What needs to be done.
Output each entry exactly as written.

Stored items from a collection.

····················

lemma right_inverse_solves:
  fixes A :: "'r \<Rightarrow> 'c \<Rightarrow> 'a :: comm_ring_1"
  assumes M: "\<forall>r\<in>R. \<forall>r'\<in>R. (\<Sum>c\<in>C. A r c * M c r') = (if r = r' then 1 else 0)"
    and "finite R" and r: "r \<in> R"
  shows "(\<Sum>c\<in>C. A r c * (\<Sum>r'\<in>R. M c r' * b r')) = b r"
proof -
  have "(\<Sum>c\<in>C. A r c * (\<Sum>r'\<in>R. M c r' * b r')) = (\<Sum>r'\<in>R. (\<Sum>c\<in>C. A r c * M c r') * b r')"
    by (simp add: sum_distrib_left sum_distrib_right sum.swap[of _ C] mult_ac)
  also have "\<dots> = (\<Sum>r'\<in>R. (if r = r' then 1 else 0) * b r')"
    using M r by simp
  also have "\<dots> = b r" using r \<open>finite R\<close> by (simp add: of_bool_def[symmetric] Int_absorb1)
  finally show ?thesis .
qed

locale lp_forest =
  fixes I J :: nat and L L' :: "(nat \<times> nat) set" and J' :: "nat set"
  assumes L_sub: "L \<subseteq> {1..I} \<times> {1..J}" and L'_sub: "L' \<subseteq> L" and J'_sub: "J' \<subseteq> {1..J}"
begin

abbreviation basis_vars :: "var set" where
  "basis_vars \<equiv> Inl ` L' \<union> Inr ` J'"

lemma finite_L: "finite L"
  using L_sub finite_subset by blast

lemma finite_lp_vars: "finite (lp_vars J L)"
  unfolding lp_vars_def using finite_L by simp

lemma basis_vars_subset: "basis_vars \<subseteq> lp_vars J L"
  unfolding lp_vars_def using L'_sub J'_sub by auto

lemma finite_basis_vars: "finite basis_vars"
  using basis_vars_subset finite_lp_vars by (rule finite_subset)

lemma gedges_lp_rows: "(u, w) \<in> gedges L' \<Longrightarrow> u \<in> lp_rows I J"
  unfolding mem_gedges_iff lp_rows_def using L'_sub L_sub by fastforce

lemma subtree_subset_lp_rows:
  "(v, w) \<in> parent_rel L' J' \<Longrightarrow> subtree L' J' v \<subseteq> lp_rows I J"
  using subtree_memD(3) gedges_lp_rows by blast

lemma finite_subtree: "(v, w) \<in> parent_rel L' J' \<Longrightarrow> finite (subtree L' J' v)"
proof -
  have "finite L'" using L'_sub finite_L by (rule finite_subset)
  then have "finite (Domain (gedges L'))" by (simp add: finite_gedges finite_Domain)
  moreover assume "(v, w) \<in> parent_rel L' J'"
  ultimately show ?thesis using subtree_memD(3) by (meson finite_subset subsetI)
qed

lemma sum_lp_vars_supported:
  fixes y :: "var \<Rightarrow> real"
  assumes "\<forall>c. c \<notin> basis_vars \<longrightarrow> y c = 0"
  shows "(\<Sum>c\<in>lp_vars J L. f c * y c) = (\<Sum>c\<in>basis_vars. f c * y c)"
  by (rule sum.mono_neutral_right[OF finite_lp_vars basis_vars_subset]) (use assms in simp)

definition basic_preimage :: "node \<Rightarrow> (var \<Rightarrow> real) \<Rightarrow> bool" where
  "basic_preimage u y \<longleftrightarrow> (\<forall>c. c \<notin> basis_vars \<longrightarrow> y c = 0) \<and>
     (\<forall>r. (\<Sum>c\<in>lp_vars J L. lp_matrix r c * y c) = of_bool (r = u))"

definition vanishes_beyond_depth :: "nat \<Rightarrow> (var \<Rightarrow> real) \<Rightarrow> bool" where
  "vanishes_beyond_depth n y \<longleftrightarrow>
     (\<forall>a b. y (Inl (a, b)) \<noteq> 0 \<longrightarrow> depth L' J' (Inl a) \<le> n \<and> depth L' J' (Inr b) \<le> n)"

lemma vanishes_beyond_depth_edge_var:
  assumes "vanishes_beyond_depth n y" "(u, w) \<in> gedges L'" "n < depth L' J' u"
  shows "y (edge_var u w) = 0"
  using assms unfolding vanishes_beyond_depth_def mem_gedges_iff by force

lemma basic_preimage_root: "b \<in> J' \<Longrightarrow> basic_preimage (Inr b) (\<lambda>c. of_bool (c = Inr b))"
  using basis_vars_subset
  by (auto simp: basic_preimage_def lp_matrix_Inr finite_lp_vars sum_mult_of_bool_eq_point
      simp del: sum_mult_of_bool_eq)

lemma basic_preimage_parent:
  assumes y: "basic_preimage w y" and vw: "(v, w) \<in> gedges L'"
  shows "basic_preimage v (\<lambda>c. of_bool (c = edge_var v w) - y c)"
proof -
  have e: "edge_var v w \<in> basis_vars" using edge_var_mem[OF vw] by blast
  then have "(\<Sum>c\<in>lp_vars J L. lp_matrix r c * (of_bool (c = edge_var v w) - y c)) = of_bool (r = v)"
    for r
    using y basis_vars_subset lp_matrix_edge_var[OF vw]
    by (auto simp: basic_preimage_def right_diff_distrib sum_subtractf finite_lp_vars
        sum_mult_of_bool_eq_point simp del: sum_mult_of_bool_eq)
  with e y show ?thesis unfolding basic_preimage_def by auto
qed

····················

Task output.
lemma right_inverse_solves:
  fixes A :: "'r \<Rightarrow> 'c \<Rightarrow> 'a :: comm_ring_1"
  assumes M: "\<forall>r\<in>R. \<forall>r'\<in>R. (\<Sum>c\<in>C. A r c * M c r') = (if r = r' then 1 else 0)"
    and "finite R" and r: "r \<in> R"
  shows "(\<Sum>c\<in>C. A r c * (\<Sum>r'\<in>R. M c r' * b r')) = b r"
proof -
  have "(\<Sum>c\<in>C. A r c * (\<Sum>r'\<in>R. M c r' * b r')) = (\<Sum>r'\<in>R. (\<Sum>c\<in>C. A r c * M c r') * b r')"
    by (simp add: sum_distrib_left sum_distrib_right sum.swap[of _ C] mult_ac)
  also have "\<dots> = (\<Sum>r'\<in>R. (if r = r' then 1 else 0) * b r')"
    using M r by simp
  also have "\<dots> = b r" using r \<open>finite R\<close> by (simp add: of_bool_def[symmetric] Int_absorb1)
  finally show ?thesis .
qed

locale lp_forest =
  fixes I J :: nat and L L' :: "(nat \<times> nat) set" and J' :: "nat set"
  assumes L_sub: "L \<subseteq> {1..I} \<times> {1..J}" and L'_sub: "L' \<subseteq> L" and J'_sub: "J' \<subseteq> {1..J}"
begin

abbreviation basis_vars :: "var set" where
  "basis_vars \<equiv> Inl ` L' \<union> Inr ` J'"

lemma finite_L: "finite L"
  using L_sub finite_subset by blast

lemma finite_lp_vars: "finite (lp_vars J L)"
  unfolding lp_vars_def using finite_L by simp

lemma basis_vars_subset: "basis_vars \<subseteq> lp_vars J L"
  unfolding lp_vars_def using L'_sub J'_sub by auto

lemma finite_basis_vars: "finite basis_vars"
  using basis_vars_subset finite_lp_vars by (rule finite_subset)

lemma gedges_lp_rows: "(u, w) \<in> gedges L' \<Longrightarrow> u \<in> lp_rows I J"
  unfolding mem_gedges_iff lp_rows_def using L'_sub L_sub by fastforce

lemma subtree_subset_lp_rows:
  "(v, w) \<in> parent_rel L' J' \<Longrightarrow> subtree L' J' v \<subseteq> lp_rows I J"
  using subtree_memD(3) gedges_lp_rows by blast

lemma finite_subtree: "(v, w) \<in> parent_rel L' J' \<Longrightarrow> finite (subtree L' J' v)"
proof -
  have "finite L'" using L'_sub finite_L by (rule finite_subset)
  then have "finite (Domain (gedges L'))" by (simp add: finite_gedges finite_Domain)
  moreover assume "(v, w) \<in> parent_rel L' J'"
  ultimately show ?thesis using subtree_memD(3) by (meson finite_subset subsetI)
qed

lemma sum_lp_vars_supported:
  fixes y :: "var \<Rightarrow> real"
  assumes "\<forall>c. c \<notin> basis_vars \<longrightarrow> y c = 0"
  shows "(\<Sum>c\<in>lp_vars J L. f c * y c) = (\<Sum>c\<in>basis_vars. f c * y c)"
  by (rule sum.mono_neutral_right[OF finite_lp_vars basis_vars_subset]) (use assms in simp)

definition basic_preimage :: "node \<Rightarrow> (var \<Rightarrow> real) \<Rightarrow> bool" where
  "basic_preimage u y \<longleftrightarrow> (\<forall>c. c \<notin> basis_vars \<longrightarrow> y c = 0) \<and>
     (\<forall>r. (\<Sum>c\<in>lp_vars J L. lp_matrix r c * y c) = of_bool (r = u))"

definition vanishes_beyond_depth :: "nat \<Rightarrow> (var \<Rightarrow> real) \<Rightarrow> bool" where
  "vanishes_beyond_depth n y \<longleftrightarrow>
     (\<forall>a b. y (Inl (a, b)) \<noteq> 0 \<longrightarrow> depth L' J' (Inl a) \<le> n \<and> depth L' J' (Inr b) \<le> n)"

lemma vanishes_beyond_depth_edge_var:
  assumes "vanishes_beyond_depth n y" "(u, w) \<in> gedges L'" "n < depth L' J' u"
  shows "y (edge_var u w) = 0"
  using assms unfolding vanishes_beyond_depth_def mem_gedges_iff by force

lemma basic_preimage_root: "b \<in> J' \<Longrightarrow> basic_preimage (Inr b) (\<lambda>c. of_bool (c = Inr b))"
  using basis_vars_subset
  by (auto simp: basic_preimage_def lp_matrix_Inr finite_lp_vars sum_mult_of_bool_eq_point
      simp del: sum_mult_of_bool_eq)

lemma basic_preimage_parent:
  assumes y: "basic_preimage w y" and vw: "(v, w) \<in> gedges L'"
  shows "basic_preimage v (\<lambda>c. of_bool (c = edge_var v w) - y c)"
proof -
  have e: "edge_var v w \<in> basis_vars" using edge_var_mem[OF vw] by blast
  then have "(\<Sum>c\<in>lp_vars J L. lp_matrix r c * (of_bool (c = edge_var v w) - y c)) = of_bool (r = v)"
    for r
    using y basis_vars_subset lp_matrix_edge_var[OF vw]
    by (auto simp: basic_preimage_def right_diff_distrib sum_subtractf finite_lp_vars
        sum_mult_of_bool_eq_point simp del: sum_mult_of_bool_eq)
  with e y show ?thesis unfolding basic_preimage_def by auto
qed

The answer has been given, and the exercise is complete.